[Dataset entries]
lemma quad_char_add_eq_zero:
  fixes a b :: "'a::{field,finite}"
  assumes odd: "odd CHAR('a)" and "a * b \<noteq> 0" "\<not> (\<exists>d. d^2 = a * b)"
  shows "quad_char a + quad_char b = 0"
proof -
  have "quad_char (a * b) = -1"
    unfolding quad_char_def by (simp only: if_not_P[OF assms(2)] if_not_P[OF assms(3)])
  hence prod: "quad_char a * quad_char b = -1" by (simp add: quad_char_mult[OF odd])
  have "quad_char b = (quad_char a * quad_char a) * quad_char b"
    using assms(2) by (simp add: quad_char_square)
  also have "\<dots> = - quad_char a" by (simp only: mult.assoc prod) simp
  finally show ?thesis by simp
qed

lemma sum_quad_char_roots:
  fixes \<rho> \<eta> :: "'a::{field,finite}"
  assumes odd: "odd CHAR('a)" and r0: "\<rho> \<noteq> 0"
  shows "(\<Sum>s\<in>{s. s^2 - \<eta>*s + \<rho>^2 = 0}. quad_char s) = quad_char (\<eta> - 2*\<rho>) + quad_char (\<eta> + 2*\<rho>)"
proof -
  let ?R = "{s. s^2 - \<eta>*s + \<rho>^2 = 0}"
  have two: "(2::'a) \<noteq> 0" by (rule two_neq_zero[OF odd])
  have disc: "\<eta>^2 - 4*\<rho>^2 = (\<eta> - 2*\<rho>) * (\<eta> + 2*\<rho>)" by (simp add: power2_eq_square algebra_simps)
  consider "(\<eta> - 2*\<rho>) * (\<eta> + 2*\<rho>) = 0"
    | "(\<eta> - 2*\<rho>) * (\<eta> + 2*\<rho>) \<noteq> 0" "\<not> (\<exists>d. d^2 = (\<eta> - 2*\<rho>) * (\<eta> + 2*\<rho>))"
    | d where "d \<noteq> 0" "d^2 = (\<eta> - 2*\<rho>) * (\<eta> + 2*\<rho>)"
    using square_cases by metis
  thus ?thesis
  proof cases
    case 1
    hence "?R = {\<eta> / 2}" using quadratic_roots[OF odd, of \<eta> "\<rho>^2" 0] disc by simp
    moreover have "quad_char (\<eta> - 2*\<rho>) + quad_char (\<eta> + 2*\<rho>) = quad_char (\<eta> - 2*\<rho> + (\<eta> + 2*\<rho>))"
      using 1 by (auto simp: quad_char_def[of 0] add_eq_0_iff2)
    moreover have "\<eta> - 2*\<rho> + (\<eta> + 2*\<rho>) = 4 * (\<eta> / 2)" using two by (simp add: field_simps)
    ultimately show ?thesis using quad_char_mult[OF odd, of 4 "\<eta> / 2"] quad_char_four[OF odd] by simp
  next
    case 2
    have "(2*s - \<eta>)^2 = (\<eta> - 2*\<rho>) * (\<eta> + 2*\<rho>)" if "s \<in> ?R" for s
    proof -
      have "(2*s - \<eta>)^2 = 4 * (s^2 - \<eta>*s + \<rho>^2) + (\<eta> - 2*\<rho>) * (\<eta> + 2*\<rho>)"
        by (simp add: power2_eq_square algebra_simps)
      thus ?thesis using that by (simp only: mem_Collect_eq mult_zero_right add_0)
    qed
    hence "?R = {}" using 2(2) by blast
    thus ?thesis using quad_char_add_eq_zero[OF odd 2] by simp
  next
    case 3
    hence R: "?R = {(\<eta> + d)/2, (\<eta> - d)/2}" using quadratic_roots[OF odd, of \<eta> "\<rho>^2" d] disc by simp
    have "(\<eta> + d)/2 \<noteq> (\<eta> - d)/2" by (rule half_sum_neq_half_diff[OF odd 3(1)])
    moreover have a0: "\<eta> - 2*\<rho> \<noteq> 0" using 3 by auto
    moreover have "quad_char (\<eta> + 2*\<rho>) = quad_char (\<eta> - 2*\<rho>)"
      by (rule quad_char_eq_of_square[OF odd 3(2) 3(1) a0])
    moreover have "quad_char ((\<eta> + d)/2) = quad_char (\<eta> - 2*\<rho>)" "quad_char ((\<eta> - d)/2) = quad_char (\<eta> - 2*\<rho>)"
      using R quad_char_root[OF odd _ r0 a0] by blast+
    ultimately show ?thesis unfolding R by simp
  qed
qed

text \<open>Grouping by the value of \<open>s + \<rho>^2/s\<close>: the fibre over \<open>\<eta>\<close> is the root set of
\<open>s^2 - \<eta> s + \<rho>^2\<close>.\<close>

lemma sum_quad_char_fibres:
  fixes \<rho> :: "'a::{field,finite}" and f :: "'a \<Rightarrow> complex"
  assumes odd: "odd CHAR('a)" and r0: "\<rho> \<noteq> 0"
  shows "(\<Sum>s\<in>UNIV. quad_char s * f (s + \<rho>^2/s))
       = (\<Sum>\<eta>\<in>UNIV. (quad_char (\<eta> - 2*\<rho>) + quad_char (\<eta> + 2*\<rho>)) * f \<eta>)"
proof -
  let ?g = "\<lambda>s. s + \<rho>^2/s"
  have fibre: "{s \<in> UNIV - {0}. ?g s = \<eta>} = {s. s^2 - \<eta>*s + \<rho>^2 = 0}" for \<eta>
  proof -
    have "s \<noteq> 0 \<and> ?g s = \<eta> \<longleftrightarrow> s^2 - \<eta>*s + \<rho>^2 = 0" for s
    proof (cases "s = 0")
      case False
      hence "?g s = \<eta> \<longleftrightarrow> s * ?g s = s * \<eta>" by simp
      also have "s * ?g s = s^2 + \<rho>^2" using False by (simp add: power2_eq_square field_simps)
      finally show ?thesis using False by (auto simp: algebra_simps)
    qed (use r0 in simp)
    thus ?thesis by auto
  qed
  have "(\<Sum>s\<in>UNIV. quad_char s * f (?g s)) = (\<Sum>s\<in>UNIV - {0}. quad_char s * f (?g s))"
    by (rule sum.mono_neutral_right) (auto simp: quad_char_def)
  also have "\<dots> = (\<Sum>\<eta>\<in>UNIV. \<Sum>s\<in>{s \<in> UNIV - {0}. ?g s = \<eta>}. quad_char s * f (?g s))"
    by (rule sum.group[symmetric]) auto
  also have "\<dots> = (\<Sum>\<eta>\<in>UNIV. (\<Sum>s\<in>{s \<in> UNIV - {0}. ?g s = \<eta>}. quad_char s) * f \<eta>)"
    unfolding sum_distrib_right by (intro sum.cong refl) auto
  also have "\<dots> = (\<Sum>\<eta>\<in>UNIV. (\<Sum>s\<in>{s. s^2 - \<eta>*s + \<rho>^2 = 0}. quad_char s) * f \<eta>)"
    unfolding fibre ..
  finally show ?thesis by (simp add: sum_quad_char_roots[OF odd r0])
qed

lemma sum_quad_char_twisted_nonsquare:
  fixes F :: "'a::{field,finite} \<Rightarrow> complex"
  assumes odd: "odd CHAR('a)" and c0: "c \<noteq> 0" and nonsquare: "quad_char c = -1"
  shows "(\<Sum>s\<in>UNIV. quad_char s * F (s + c / s)) = 0"
proof -
  let ?S = "\<Sum>s\<in>UNIV. quad_char s * F (s + c / s)"
  have "?S = (\<Sum>s\<in>UNIV. quad_char (c * inverse s) * F (c * inverse s + c / (c * inverse s)))"
    by (rule sum_reindex_inverse[OF c0, symmetric])
  also have "\<dots> = (\<Sum>s\<in>UNIV. - (quad_char s * F (s + c / s)))"
  proof (rule sum.cong[OF refl])
    fix s :: 'a
    show "quad_char (c * inverse s) * F (c * inverse s + c / (c * inverse s)) = - (quad_char s * F (s + c / s))"
    proof (cases "s = 0")
      case False
      hence "c * inverse s + c / (c * inverse s) = s + c / s" using c0 by (simp add: field_simps)
      moreover have "quad_char (c * inverse s) = - quad_char s"
        using quad_char_mult[OF odd, of c "inverse s"] nonsquare mult_char_inverse[OF mult_char_quad_char[OF odd], of s]
        by simp
      ultimately show ?thesis by simp
    qed (simp add: quad_char_def)
  qed
  also have "\<dots> = - ?S" by (simp add: sum_negf)
  finally show ?thesis by simp
qed

text \<open>The twist by \<open>s \<mapsto> s + c/s\<close> unfolds into one shifted sum for each square root of \<open>c\<close>;
for \<open>c = 0\<close> this relies on \<open>0/s = 0\<close> even at \<open>s = 0\<close>.\<close>

lemma sum_quad_char_twisted:
  fixes h :: "'a::{field,finite} \<Rightarrow> complex"
  assumes odd: "odd CHAR('a)"
  shows "(\<Sum>s\<in>UNIV. quad_char s * h (s + c / s))
       = (\<Sum>\<sigma>\<in>{\<sigma>. \<sigma>^2 = c}. \<Sum>\<eta>\<in>UNIV. quad_char \<eta> * h (\<eta> + 2*\<sigma>))"
proof (cases c rule: square_cases)
  case 1
  moreover have "{\<sigma>::'a. \<sigma>^2 = 0} = {0}" by auto
  ultimately show ?thesis by simp
next
  case 2
  hence "quad_char c = -1" by (simp add: quad_char_def)
  thus ?thesis using sum_quad_char_twisted_nonsquare[OF odd 2(1)] 2(2) by simp
next
  case (3 \<rho>)
  have "{\<sigma>. \<sigma>^2 = c} = {\<rho>, - \<rho>}" using 3(2) power2_eq_iff[of _ \<rho>] by auto
  moreover have "\<rho> \<noteq> - \<rho>" using neg_neq_self[OF odd 3(1)] .
  moreover have "(\<Sum>\<eta>\<in>UNIV. quad_char (\<eta> - 2*\<rho>) * h \<eta>) = (\<Sum>\<eta>\<in>UNIV. quad_char \<eta> * h (\<eta> + 2*\<rho>))"
    using sum_reindex_shift[of "\<lambda>\<eta>. quad_char (\<eta> - 2*\<rho>) * h \<eta>" "2*\<rho>"] by simp
  moreover have "(\<Sum>\<eta>\<in>UNIV. quad_char (\<eta> + 2*\<rho>) * h \<eta>) = (\<Sum>\<eta>\<in>UNIV. quad_char \<eta> * h (\<eta> + 2*(-\<rho>)))"
    using sum_reindex_shift[of "\<lambda>\<eta>. quad_char (\<eta> + 2*\<rho>) * h \<eta>" "- 2*\<rho>"] by simp
  ultimately show ?thesis
    using sum_quad_char_fibres[OF odd 3(1), of h] 3(2) by (simp add: distrib_right sum.distrib)
qed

• [WHAT TO WORK ON]: Search the data above and return each line in which "sigma" occurs.

• [REPLY TO THE EXERCISE]:
       = (\<Sum>\<sigma>\<in>{\<sigma>. \<sigma>^2 = c}. \<Sum>\<eta>\<in>UNIV. quad_char \<eta> * h (\<eta> + 2*\<sigma>))"
  moreover have "{\<sigma>::'a. \<sigma>^2 = 0} = {0}" by auto
  have "{\<sigma>. \<sigma>^2 = c} = {\<rho>, - \<rho>}" using 3(2) power2_eq_iff[of _ \<rho>] by auto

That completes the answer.